A Rust coding-agent runtime with a VSCode product shell. The original CLI and web UI still exist as harnesses, but the main product direction is Marvis inside VSCode.

Features

  • VSCode status ingestion: Collects active editor, cursor, selections, visible ranges, Problems diagnostics, task/debug state, and recorded command results.
  • Structured status: Builds CodebaseStatus, git state, deterministic segments, stuckness hints, and context capsules.
  • Autonomous suggestions: VSCode wake-up timers send status ticks; Rust segments actionable problems with an LLM and suggests useful agent actions.
  • PAVE routing: Task vectors are matched against configured agent-profile vectors with cosine scoring.
  • Skill/MCP routing: Routed agents resolve concrete built-in, imported, or workspace skills and can expose discovered stdio MCP tools without fake fallbacks.
  • Agent runtime: Uses session-kernel and scheduler for streamed model/tool turns.
  • Tool usage: The model can execute shell commands and read/write/edit files through policy-gated local tools with rollback snapshots before writes.
  • Streaming responses: CLI, web, and VSCode bridge all receive runtime events.
  • Configurable model provider: Use any OpenAI-compatible chat completions endpoint. VSCode uses marvis.apiKey / marvis.baseUrl; CLI and web harnesses use MARVIS_API_KEY / MARVIS_BASE_URL.
  • Built with Rust: Fast, safe, and efficient.

Installation

Prerequisites

  • Rust toolchain (version 1.70 or later)
  • An API key for an OpenAI-compatible provider. Set it in VSCode Settings for the extension, or via MARVIS_API_KEY for the CLI/web harnesses.

Build from Source

# Clone the repository
git clone https://github.com/your-username/lite-code.git
# or use the SSH URL
# git clone git@github.com:your-username/lite-code.git

cd lite-code

# Build the project
cargo build --release

# The binary will be at `target/release/lite-code`

Usage

For the VSCode product, set marvis.apiKey in VSCode User or Machine Settings. Set marvis.baseUrl if your provider does not use https://api.openai.com/v1.

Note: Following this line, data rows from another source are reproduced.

lemma symp_adj_in: "symp (adj_in G W)"
  by (auto intro!: sympI simp: adj_in_def adj_def insert_commute)

lemma adj_in_rtranclp_sym: "(adj_in G W)\<^sup>*\<^sup>* a b \<Longrightarrow> (adj_in G W)\<^sup>*\<^sup>* b a"
  using sympD[OF symp_rtranclp[OF symp_adj_in]] .

lemma tpath_segment_connected:
  assumes tp: "tpath G lam s t vs es" and ij: "i \<le> j" "j < length vs"
    and W: "\<And>k. i \<le> k \<Longrightarrow> k \<le> j \<Longrightarrow> vs ! k \<in> W"
  shows "(adj_in G W)\<^sup>*\<^sup>* (vs ! i) (vs ! j)"
  using ij
proof (induction j rule: dec_induct)
  case (step n)
  then have "n < length es" using tp by (simp add: tpath_def)
  then have "es ! n \<in> edges G" "ends G (es ! n) = {vs ! n, vs ! Suc n}"
    using tp by (auto simp: tpath_def)
  then have "adj G (vs ! n) (vs ! Suc n)" by (auto simp: adj_def)
  then have "adj_in G W (vs ! n) (vs ! Suc n)" using W step by (simp add: adj_in_def)
  moreover have "(adj_in G W)\<^sup>*\<^sup>* (vs ! i) (vs ! n)" using step by simp
  ultimately show ?case by (rule rtranclp.rtrancl_into_rtrancl[rotated])
qed simp

lemma tpath_vertex_joined_to_end:
  assumes tp: "tpath G lam s t vs es" and z: "z \<in> set vs" "z \<noteq> v"
  shows "\<exists>u\<in>{s, t} - {v}. (adj_in G (verts G - {v}))\<^sup>*\<^sup>* u z"
proof -
  let ?W = "verts G - {v}"
  have d: "distinct vs" "set vs \<subseteq> verts G" using tp by (auto simp: tpath_def)
  obtain i where i: "i < length vs" "vs ! i = z" using z(1) by (auto simp: in_set_conv_nth)
  have inW: "vs ! k \<in> ?W" if "k < length vs" "vs ! k \<noteq> v" for k using that d nth_mem by blast
  show ?thesis
  proof (cases "\<forall>k\<le>i. vs ! k \<noteq> v")
    case True
    then have "(adj_in G ?W)\<^sup>*\<^sup>* (vs ! 0) (vs ! i)"
      using i inW by (intro tpath_segment_connected[OF tp]) auto
    then show ?thesis using True tpath_first_last(1)[OF tp] i by auto
  next
    \<comment> \<open>v occurs before z, so by distinctness not after it\<close>
    case False
    then obtain k where k: "k \<le> i" "vs ! k = v" by blast
    have after: "vs ! k' \<noteq> v" if "i \<le> k'" "k' < length vs" for k'
      using that k i z(2) nth_eq_iff_index_eq[OF d(1), of k' k] by auto
    have "(adj_in G ?W)\<^sup>*\<^sup>* (vs ! i) (vs ! (length vs - 1))"
      using i inW after by (intro tpath_segment_connected[OF tp]) auto
    moreover have "vs ! (length vs - 1) \<noteq> v" using after i by simp
    ultimately have "t \<in> {s, t} - {v}" "(adj_in G ?W)\<^sup>*\<^sup>* t z"
      using tpath_first_last(2)[OF tp] i adj_in_rtranclp_sym by auto
    then show ?thesis by blast
  qed
qed

lemma min_counter_example_tpath_avoiding:
  assumes m: "min_counter_example G lam s t" and v: "v \<noteq> s" "v \<noteq> t"
  obtains vs es where "tpath G lam s t vs es" "v \<notin> set vs"
proof (cases "v \<in> verts G")
  case True
  have "\<not> temporal_cut G lam s t {v}" using min_counter_example_cut_card[OF m] by fastforce
  then show ?thesis using that True v by (auto simp: temporal_cut_def tpath_del_verts_iff)
next
  case False
  have "counter_example G lam s t" using m by (simp add: min_counter_example_def)
  then obtain vs es where "tpath G lam s t vs es" by (rule counter_example_has_tpath)
  then show ?thesis using that False by (auto simp: tpath_def)
qed

lemma min_counter_example_connected_minus_vertex:
  assumes m: "min_counter_example G lam s t"
  shows "connected_on G (verts G - {v})"
  unfolding connected_on_adj_in
proof (intro ballI)
  let ?R = "adj_in G (verts G - {v})"
  have joined: "\<exists>u\<in>{s, t} - {v}. ?R\<^sup>*\<^sup>* u z" if z: "z \<in> verts G - {v}" for z
  proof -
    obtain vs es where "tpath G lam s t vs es" "z \<in> set vs"
      using min_counter_example_vertex_on_tpath[OF m] z by blast
    then show ?thesis using tpath_vertex_joined_to_end z by blast
  qed
  have ends_joined: "?R\<^sup>*\<^sup>* s t" if v: "v \<noteq> s" "v \<noteq> t"
  proof -
    obtain vs es where tp: "tpath G lam s t vs es" "v \<notin> set vs"
      using min_counter_example_tpath_avoiding[OF m v] .
    then have "?R\<^sup>*\<^sup>* (vs ! 0) (vs ! (length vs - 1))"
      by (intro tpath_segment_connected) (auto simp: tpath_def)
    then show ?thesis using tpath_first_last[OF tp(1)] by simp
  qed
  fix x y assume "x \<in> verts G - {v}" "y \<in> verts G - {v}"
  then obtain a b where "a \<in> {s, t} - {v}" "b \<in> {s, t} - {v}" "?R\<^sup>*\<^sup>* a x" "?R\<^sup>*\<^sup>* b y"
    using joined by blast
  moreover have "?R\<^sup>*\<^sup>* a b" using calculation(1,2) ends_joined adj_in_rtranclp_sym by auto
  ultimately show "?R\<^sup>*\<^sup>* x y" by (meson adj_in_rtranclp_sym rtranclp_trans)
qed

lemma min_counter_example_two_connected:
  assumes m: "min_counter_example G lam s t"
  shows "two_connected G"
proof -
  have ce: "counter_example G lam s t" using m by (simp add: min_counter_example_def)
  then have fin: "finite (verts G)" and st: "s \<noteq> t" "\<not> adj G s t"
    by (simp_all add: counter_example_def wf_mgraph_def)
  obtain vs es where tp: "tpath G lam s t vs es" using counter_example_has_tpath[OF ce] .
  have d: "distinct vs" "set vs \<subseteq> verts G" using tp by (auto simp: tpath_def)
  have "3 \<le> length vs" using tpath_length_ge_3[OF tp st] .
  also have "length vs = card (set vs)" using d by (simp add: distinct_card)
  also have "\<dots> \<le> card (verts G)" using d fin by (simp add: card_mono)
  finally have "3 \<le> card (verts G)" .
  moreover obtain v where "v \<notin> verts G" using ex_new_if_finite[OF infinite_UNIV_nat fin] by blast
  then have "verts G - {v} = verts G" by simp
  then have "connected_on G (verts G)"
    using min_counter_example_connected_minus_vertex[OF m, of v] by simp
  ultimately show ?thesis
    unfolding two_connected_def using min_counter_example_connected_minus_vertex[OF m] by blast
qed

lemma tpath_edge_at_source:
  assumes tp: "tpath G lam s t vs es" and i: "i < length es" and "s \<in> ends G (es ! i)"
  shows "i = 0"
proof -
  have "ends G (es ! i) = {vs ! i, vs ! Suc i}" "Suc i < length vs" using tp i by (auto simp: tpath_def)
  then show ?thesis
    using assms(3) tpath_nth_eq_source[OF tp, of i] tpath_nth_eq_source[OF tp, of "Suc i"] by auto
qed

lemma tpath_edge_at_target:
  assumes tp: "tpath G lam s t vs es" and i: "i < length es" and "t \<in> ends G (es ! i)"
  shows "i = length es - 1"
proof -
  have "ends G (es ! i) = {vs ! i, vs ! Suc i}" "length vs = Suc (length es)"
    using tp i by (auto simp: tpath_def)
  then show ?thesis
    using assms(3) i tpath_nth_eq_target[OF tp, of i] tpath_nth_eq_target[OF tp, of "Suc i"] by auto
qed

For the CLI and web harnesses, set MARVIS_API_KEY before running LiteCode. Set MARVIS_BASE_URL if your provider does not use https://api.openai.com/v1.

Option 1: Set for current terminal session

Windows (PowerShell):

$env:MARVIS_API_KEY = "your_api_key_here"
$env:MARVIS_BASE_URL = "https://api.openai.com/v1"

macOS (zsh/bash):

export MARVIS_API_KEY="your_api_key_here"
export MARVIS_BASE_URL="https://api.openai.com/v1"

Option 2: Set permanently

Windows (PowerShell):

[System.Environment]::SetEnvironmentVariable("MARVIS_API_KEY", "your_api_key_here", "User")
[System.Environment]::SetEnvironmentVariable("MARVIS_BASE_URL", "https://api.openai.com/v1", "User")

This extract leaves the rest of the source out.